Excerpted records:
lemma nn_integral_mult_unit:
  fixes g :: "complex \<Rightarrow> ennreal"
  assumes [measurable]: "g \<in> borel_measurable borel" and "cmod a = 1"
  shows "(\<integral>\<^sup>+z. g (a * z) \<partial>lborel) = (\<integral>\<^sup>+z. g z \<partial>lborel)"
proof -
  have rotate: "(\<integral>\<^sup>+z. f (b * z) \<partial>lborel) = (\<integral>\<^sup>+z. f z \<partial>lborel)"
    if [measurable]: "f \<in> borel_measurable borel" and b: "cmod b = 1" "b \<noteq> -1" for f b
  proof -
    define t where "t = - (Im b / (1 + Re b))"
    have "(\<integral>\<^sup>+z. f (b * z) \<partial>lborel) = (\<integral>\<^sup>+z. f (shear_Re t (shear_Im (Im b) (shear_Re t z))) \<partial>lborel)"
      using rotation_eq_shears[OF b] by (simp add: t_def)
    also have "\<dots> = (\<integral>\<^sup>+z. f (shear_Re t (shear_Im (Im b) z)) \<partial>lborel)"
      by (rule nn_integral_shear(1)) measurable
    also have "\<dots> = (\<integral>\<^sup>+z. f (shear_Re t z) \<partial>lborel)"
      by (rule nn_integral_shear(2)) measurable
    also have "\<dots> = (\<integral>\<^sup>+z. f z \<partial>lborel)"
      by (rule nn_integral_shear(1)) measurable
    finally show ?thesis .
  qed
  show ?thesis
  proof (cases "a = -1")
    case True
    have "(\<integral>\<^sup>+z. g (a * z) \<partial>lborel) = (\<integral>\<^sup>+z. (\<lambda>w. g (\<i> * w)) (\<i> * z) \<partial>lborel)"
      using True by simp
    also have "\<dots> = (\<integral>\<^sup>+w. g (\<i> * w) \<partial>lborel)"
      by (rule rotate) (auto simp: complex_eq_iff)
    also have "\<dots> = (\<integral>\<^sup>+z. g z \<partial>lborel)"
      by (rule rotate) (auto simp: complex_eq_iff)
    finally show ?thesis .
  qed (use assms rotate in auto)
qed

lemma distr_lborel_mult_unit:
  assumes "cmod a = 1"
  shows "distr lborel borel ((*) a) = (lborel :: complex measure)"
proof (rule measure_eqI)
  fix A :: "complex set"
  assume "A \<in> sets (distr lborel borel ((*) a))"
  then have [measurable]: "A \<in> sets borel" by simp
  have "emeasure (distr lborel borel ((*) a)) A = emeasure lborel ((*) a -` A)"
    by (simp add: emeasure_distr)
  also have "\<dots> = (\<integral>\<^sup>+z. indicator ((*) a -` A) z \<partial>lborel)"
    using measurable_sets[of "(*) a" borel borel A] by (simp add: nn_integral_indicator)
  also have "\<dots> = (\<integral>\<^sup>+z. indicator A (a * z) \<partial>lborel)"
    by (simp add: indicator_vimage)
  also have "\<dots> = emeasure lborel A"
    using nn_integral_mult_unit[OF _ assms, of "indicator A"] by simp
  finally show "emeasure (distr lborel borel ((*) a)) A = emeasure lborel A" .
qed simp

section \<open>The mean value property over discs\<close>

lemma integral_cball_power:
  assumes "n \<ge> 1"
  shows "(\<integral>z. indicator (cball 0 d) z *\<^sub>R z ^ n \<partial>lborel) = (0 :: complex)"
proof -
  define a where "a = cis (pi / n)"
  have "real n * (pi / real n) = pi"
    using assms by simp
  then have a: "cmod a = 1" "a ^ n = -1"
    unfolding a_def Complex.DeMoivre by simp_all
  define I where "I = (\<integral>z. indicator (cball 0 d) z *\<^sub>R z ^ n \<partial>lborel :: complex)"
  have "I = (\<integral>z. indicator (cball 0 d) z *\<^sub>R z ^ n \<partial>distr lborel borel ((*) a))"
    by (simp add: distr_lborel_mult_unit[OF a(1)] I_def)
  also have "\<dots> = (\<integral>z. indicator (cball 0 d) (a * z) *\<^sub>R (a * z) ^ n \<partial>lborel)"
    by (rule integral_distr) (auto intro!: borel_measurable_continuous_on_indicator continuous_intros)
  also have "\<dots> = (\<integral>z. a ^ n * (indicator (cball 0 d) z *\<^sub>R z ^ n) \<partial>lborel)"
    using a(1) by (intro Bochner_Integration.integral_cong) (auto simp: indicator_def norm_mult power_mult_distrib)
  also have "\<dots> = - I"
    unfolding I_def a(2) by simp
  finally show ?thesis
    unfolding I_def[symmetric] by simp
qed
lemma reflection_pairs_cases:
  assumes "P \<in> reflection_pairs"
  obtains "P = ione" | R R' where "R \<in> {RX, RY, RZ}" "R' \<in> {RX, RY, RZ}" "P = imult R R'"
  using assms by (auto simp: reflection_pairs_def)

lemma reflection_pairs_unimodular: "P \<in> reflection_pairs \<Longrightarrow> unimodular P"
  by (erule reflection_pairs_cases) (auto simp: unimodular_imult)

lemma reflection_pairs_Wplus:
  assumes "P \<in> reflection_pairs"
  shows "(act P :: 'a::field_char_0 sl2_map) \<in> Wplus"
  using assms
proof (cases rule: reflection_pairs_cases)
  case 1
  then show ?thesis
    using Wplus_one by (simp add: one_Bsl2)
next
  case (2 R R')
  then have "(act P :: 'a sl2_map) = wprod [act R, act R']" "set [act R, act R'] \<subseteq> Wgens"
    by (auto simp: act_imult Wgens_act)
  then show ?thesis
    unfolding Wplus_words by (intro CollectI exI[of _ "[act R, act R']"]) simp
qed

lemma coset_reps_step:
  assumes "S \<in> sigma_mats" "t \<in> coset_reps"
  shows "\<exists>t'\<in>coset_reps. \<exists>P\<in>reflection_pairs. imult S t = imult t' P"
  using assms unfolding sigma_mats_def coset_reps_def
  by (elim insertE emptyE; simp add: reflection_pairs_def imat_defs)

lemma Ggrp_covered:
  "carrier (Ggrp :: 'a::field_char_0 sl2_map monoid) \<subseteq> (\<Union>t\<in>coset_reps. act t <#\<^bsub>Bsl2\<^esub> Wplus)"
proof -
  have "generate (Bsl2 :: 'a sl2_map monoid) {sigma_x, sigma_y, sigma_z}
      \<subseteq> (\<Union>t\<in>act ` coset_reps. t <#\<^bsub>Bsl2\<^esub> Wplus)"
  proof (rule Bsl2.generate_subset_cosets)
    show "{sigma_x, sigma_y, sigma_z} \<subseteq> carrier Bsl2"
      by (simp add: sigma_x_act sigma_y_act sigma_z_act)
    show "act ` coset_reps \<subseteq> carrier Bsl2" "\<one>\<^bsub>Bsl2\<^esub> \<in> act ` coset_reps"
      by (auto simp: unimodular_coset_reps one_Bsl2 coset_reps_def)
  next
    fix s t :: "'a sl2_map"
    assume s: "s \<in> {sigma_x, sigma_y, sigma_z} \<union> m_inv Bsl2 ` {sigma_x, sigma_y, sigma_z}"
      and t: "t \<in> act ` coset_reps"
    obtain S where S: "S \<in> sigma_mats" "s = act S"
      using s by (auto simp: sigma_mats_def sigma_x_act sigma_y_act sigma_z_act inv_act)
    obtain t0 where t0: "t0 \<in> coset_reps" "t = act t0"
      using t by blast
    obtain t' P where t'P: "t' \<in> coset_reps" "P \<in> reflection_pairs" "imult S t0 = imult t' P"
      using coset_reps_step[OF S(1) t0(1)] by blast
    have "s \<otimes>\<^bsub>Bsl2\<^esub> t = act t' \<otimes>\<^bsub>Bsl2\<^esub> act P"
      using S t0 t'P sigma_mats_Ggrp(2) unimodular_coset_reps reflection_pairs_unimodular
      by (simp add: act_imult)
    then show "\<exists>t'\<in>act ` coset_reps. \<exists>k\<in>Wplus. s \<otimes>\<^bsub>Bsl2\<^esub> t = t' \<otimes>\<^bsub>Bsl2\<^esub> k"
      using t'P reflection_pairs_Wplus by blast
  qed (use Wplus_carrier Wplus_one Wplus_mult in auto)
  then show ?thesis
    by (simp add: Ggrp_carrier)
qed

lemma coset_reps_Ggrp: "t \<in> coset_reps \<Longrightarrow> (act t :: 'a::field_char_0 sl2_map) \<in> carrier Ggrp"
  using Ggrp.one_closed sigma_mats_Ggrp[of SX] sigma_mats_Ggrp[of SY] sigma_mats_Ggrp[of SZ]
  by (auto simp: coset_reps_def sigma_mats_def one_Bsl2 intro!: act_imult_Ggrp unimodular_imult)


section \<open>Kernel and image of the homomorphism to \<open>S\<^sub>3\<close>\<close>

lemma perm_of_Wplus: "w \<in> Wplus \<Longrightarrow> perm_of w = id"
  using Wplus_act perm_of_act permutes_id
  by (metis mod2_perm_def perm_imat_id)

* * *

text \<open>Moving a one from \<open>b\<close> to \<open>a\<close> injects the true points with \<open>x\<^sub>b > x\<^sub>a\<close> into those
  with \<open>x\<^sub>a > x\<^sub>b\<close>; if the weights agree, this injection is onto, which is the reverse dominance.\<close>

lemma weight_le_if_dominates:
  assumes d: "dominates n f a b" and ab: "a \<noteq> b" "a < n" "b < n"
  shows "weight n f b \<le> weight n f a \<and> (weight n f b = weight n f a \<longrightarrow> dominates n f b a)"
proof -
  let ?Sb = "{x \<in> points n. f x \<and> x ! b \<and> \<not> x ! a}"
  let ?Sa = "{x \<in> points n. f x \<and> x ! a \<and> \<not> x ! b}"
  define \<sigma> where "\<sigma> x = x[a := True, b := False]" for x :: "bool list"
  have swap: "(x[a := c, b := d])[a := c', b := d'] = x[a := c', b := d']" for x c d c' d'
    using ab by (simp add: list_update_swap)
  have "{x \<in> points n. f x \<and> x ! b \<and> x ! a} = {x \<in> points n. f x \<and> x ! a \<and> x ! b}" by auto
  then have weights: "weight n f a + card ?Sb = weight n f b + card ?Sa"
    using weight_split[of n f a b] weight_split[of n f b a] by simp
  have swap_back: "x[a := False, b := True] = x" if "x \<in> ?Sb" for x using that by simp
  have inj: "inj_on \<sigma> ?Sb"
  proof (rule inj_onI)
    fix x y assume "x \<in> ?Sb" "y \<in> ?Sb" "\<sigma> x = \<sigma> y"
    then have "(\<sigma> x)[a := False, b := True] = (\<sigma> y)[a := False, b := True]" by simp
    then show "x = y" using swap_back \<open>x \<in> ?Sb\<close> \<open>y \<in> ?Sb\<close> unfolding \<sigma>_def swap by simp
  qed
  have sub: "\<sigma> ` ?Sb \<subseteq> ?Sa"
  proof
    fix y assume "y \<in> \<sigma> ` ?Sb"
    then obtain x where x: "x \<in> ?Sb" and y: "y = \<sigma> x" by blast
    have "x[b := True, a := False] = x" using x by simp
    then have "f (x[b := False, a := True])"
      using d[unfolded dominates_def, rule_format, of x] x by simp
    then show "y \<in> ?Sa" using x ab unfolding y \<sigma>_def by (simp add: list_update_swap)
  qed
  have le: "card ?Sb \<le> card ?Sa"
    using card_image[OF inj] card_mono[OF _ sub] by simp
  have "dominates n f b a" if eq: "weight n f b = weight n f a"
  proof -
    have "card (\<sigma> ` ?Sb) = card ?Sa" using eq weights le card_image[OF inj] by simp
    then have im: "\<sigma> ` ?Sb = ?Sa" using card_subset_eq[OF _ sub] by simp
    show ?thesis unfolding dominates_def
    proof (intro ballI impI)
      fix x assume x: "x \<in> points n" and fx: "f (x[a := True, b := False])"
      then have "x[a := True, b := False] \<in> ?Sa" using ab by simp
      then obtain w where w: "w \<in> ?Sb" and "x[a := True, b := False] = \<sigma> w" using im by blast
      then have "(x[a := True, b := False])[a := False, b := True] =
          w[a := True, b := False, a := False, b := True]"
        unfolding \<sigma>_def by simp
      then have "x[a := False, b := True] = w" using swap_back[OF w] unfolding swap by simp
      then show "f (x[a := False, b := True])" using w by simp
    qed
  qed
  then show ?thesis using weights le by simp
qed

The task:
Take every line from the records above that has the word "define" and copy it.

Problem solution:
    define t where "t = - (Im b / (1 + Re b))"
  define a where "a = cis (pi / n)"
  define I where "I = (\<integral>z. indicator (cball 0 d) z *\<^sub>R z ^ n \<partial>lborel :: complex)"
  define \<sigma> where "\<sigma> x = x[a := True, b := False]" for x :: "bool list"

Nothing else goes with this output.